Chang Yoong Chia (b. 1975, Kuala Lumpur, Malaysia) graduated from the Malaysian Institute ofArt in 1996 with a Diploma of Fine Art in painting. Since then, he has participated in numerous exhibitions in Malaysia and abroad. Chia’s works, ranging from Surrealist-inspired paintings, laboriously crafted collages, paper sculptures to painted shells explore wide-ranging topics such as politics, religion, and culture.
The repeated gestures and complex methods reflect a commitment with craft in which the labor adds another layer of meaning to the work. Placing an importance on the media, he believes that each medium has its own characteristics, malleability and symbolism thus new interpretations are conjured when finding or mundane objects such as postage stamps and seashells are transformed in an almost alchemical fashion into intricate artworks.
THE BOTANY OF DESIRE
Chang collected leaves from around the area of his artist residency in 2010 at Tembi Contemporary in Yogyakarta, an old steeped in traditional culture and beliefs, thriving under the spiritual site of the active Merapi volcano erupted and he had to leave Indonesia abruptly.

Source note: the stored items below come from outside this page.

text \<open>With \<open>i = a + 1 < j = b + 1\<close>, the vertices \<open>v_{4i-2}\<close> and \<open>v_{4j-3}\<close> are joined by the path
  segment between them, by \<open>v_{5n+i}, v_{4n+j}\<close>, and by \<open>v_{4i-3}, v_{4n+i}, v_{5n+j}, v_{4j-2}\<close>.\<close>
lemma crossed_M_theta_subgraph:
  assumes "a < b" "b < n"
  shows "theta_subgraph (crossed_M_edges n (Suc a) (Suc b)) (4*a+2) (4*b+1)
    [4*a+3..<4*b+1] [5*n+a+1, 4*n+b+1] [4*a+1, 4*n+a+1, 5*n+b+1, 4*b+2]"
proof -
  let ?E = "crossed_M_edges n (Suc a) (Suc b)"
  have path: "adjacent ?E t u" if "u = t + 1" "1 \<le> t" "t < 4*n" for t u
    using M_edge_in_crossed_M_edges[OF M_edges_path[OF that(2,3)]] that
    unfolding adjacent_def by simp
  have spoke: "adjacent ?E (4*a+2) (5*n+a+1)" "adjacent ?E (4*a+1) (4*n+a+1)"
    "adjacent ?E (5*n+b+1) (4*b+2)" "adjacent ?E (4*n+b+1) (4*b+1)"
    using M_edges_spoke[of a n] M_edges_spoke[of b n] assms
      M_edge_in_crossed_M_edges[of _ _ n "Suc a" "Suc b"]
    unfolding adjacent_def by (auto simp: insert_commute)
  have crossed: "adjacent ?E (5*n+a+1) (4*n+b+1)" "adjacent ?E (4*n+a+1) (5*n+b+1)"
    using assms unfolding adjacent_def crossed_M_edges_def by auto
  have "successively (adjacent ?E) ((4*a+2) # [4*a+3..<4*b+1] @ [4*b+1])"
    using assms by (auto simp: successively_Cons successively_append_iff intro!: successively_upt path)
  then have "theta_arm ?E (4*a+2) (4*b+1) [4*a+3..<4*b+1]"
    unfolding theta_arm_def using assms
    by (auto intro!: nonadjacent_crossed_M_edges simp: crossed_off_path_edge_def) presburger+
  moreover have "theta_arm ?E (4*a+2) (4*b+1) [5*n+a+1, 4*n+b+1]"
    unfolding theta_arm_def using assms spoke crossed
    by (auto intro!: nonadjacent_crossed_M_edges simp: crossed_off_path_edge_def)
  moreover have "theta_arm ?E (4*a+2) (4*b+1) [4*a+1, 4*n+a+1, 5*n+b+1, 4*b+2]"
    unfolding theta_arm_def using assms spoke crossed path[of _ "4*a+1"] path[of _ "4*b+1"]
    by (auto simp: adjacent_def insert_commute crossed_off_path_edge_def
        intro!: nonadjacent_crossed_M_edges) presburger+
  moreover have "nonadjacent ?E (4*a+2) (4*b+1)"
    using assms
    by (intro nonadjacent_crossed_M_edges; (simp add: crossed_off_path_edge_def)?; presburger)
  moreover have "nonadjacent ?E x y"
    if "x \<in> {4*a+3..<4*b+1}" "y \<in> {5*n+a+1, 4*n+b+1, 4*a+1, 4*n+a+1, 5*n+b+1, 4*b+2}" for x y
    using that assms by (intro nonadjacent_crossed_M_edges) (auto simp: crossed_off_path_edge_def)
  moreover have "nonadjacent ?E x y"
    if "x \<in> {5*n+a+1, 4*n+b+1}" "y \<in> {4*a+1, 4*n+a+1, 5*n+b+1, 4*b+2}" for x y
    using that assms by (intro nonadjacent_crossed_M_edges) (auto simp: crossed_off_path_edge_def)
  ultimately show ?thesis unfolding theta_subgraph_def by (auto simp del: upt_Suc)
qed

theorem lemma7:
  fixes n k i j :: nat
  assumes "n > 2" and "k > 0"
    and "i \<in> {1..n}" and "j \<in> {1..n}" and "i \<noteq> j"
  shows "\<not> k_polygon_circle (M_vertices n) (crossing (M_edges n) (H_edges n j) (sigma_ij n i j)) k"
proof -
  define a b where "a = min i j - 1" "b = max i j - 1"
  have "a < b" "b < n" using assms(3-5) unfolding a_b_def by auto
  have E: "crossed_M_edges n i j = crossed_M_edges n (Suc a) (Suc b)"
    using assms(3-5) crossed_M_edges_commute unfolding a_b_def by (cases "i < j") auto
  show ?thesis
    unfolding crossing_M_edges[OF assms(3-5)] M_vertices_def E
    by (intro theta_subgraph_not_k_polygon_circle[OF crossed_M_theta_subgraph[OF \<open>a < b\<close> \<open>b < n\<close>]])
      (use \<open>a < b\<close> \<open>b < n\<close> \<open>k > 0\<close> in auto)
qed

end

When he took up a residency at 1-Shanthi Road in Bangalore in 2012, he decided once again to collect leaves to make a body of works. “The Botany of Desire” is made from dried leaves collected during his many visits to Lalbagh Botanical Gardens.
“Based on England’s Kew Gardens, Lalbagh, to me, represents the foregone era of British colonialism. Plants from all over the world were brought in, and if profitable, introduced to other reaches of the British Empire. Perhaps a tree I saw in my own country is a descendant from Lalbagh. Perhaps I had climbed this tree, ate its fruit, or wore something made out of it.
This work is a playful attempt to find connections with my post. By using leaves I found in Lalbagh, I made a work that resembles shadow puppets (which, of course, originated from India but is a widespread art form in Southeast Asia) and created a melodramatic story from stereotypical ideas about India, from bits and pieces of Tamil and Hindi movies I see throughout my life and observations during my walks in Lalbagh.”
OTARU FABLE
Otaru Fable was made during Chang’s S-AIR 2017 artist residency in Hokkaido, Japan. He transformed these discarded shells of scallops commercially farmed for mass consumption to tell a fable of his trip to a tourist destination called Otaru. By reassembling and painting on seashells and other natural objects that used to host life, Chang hopes to give a “second life” to them.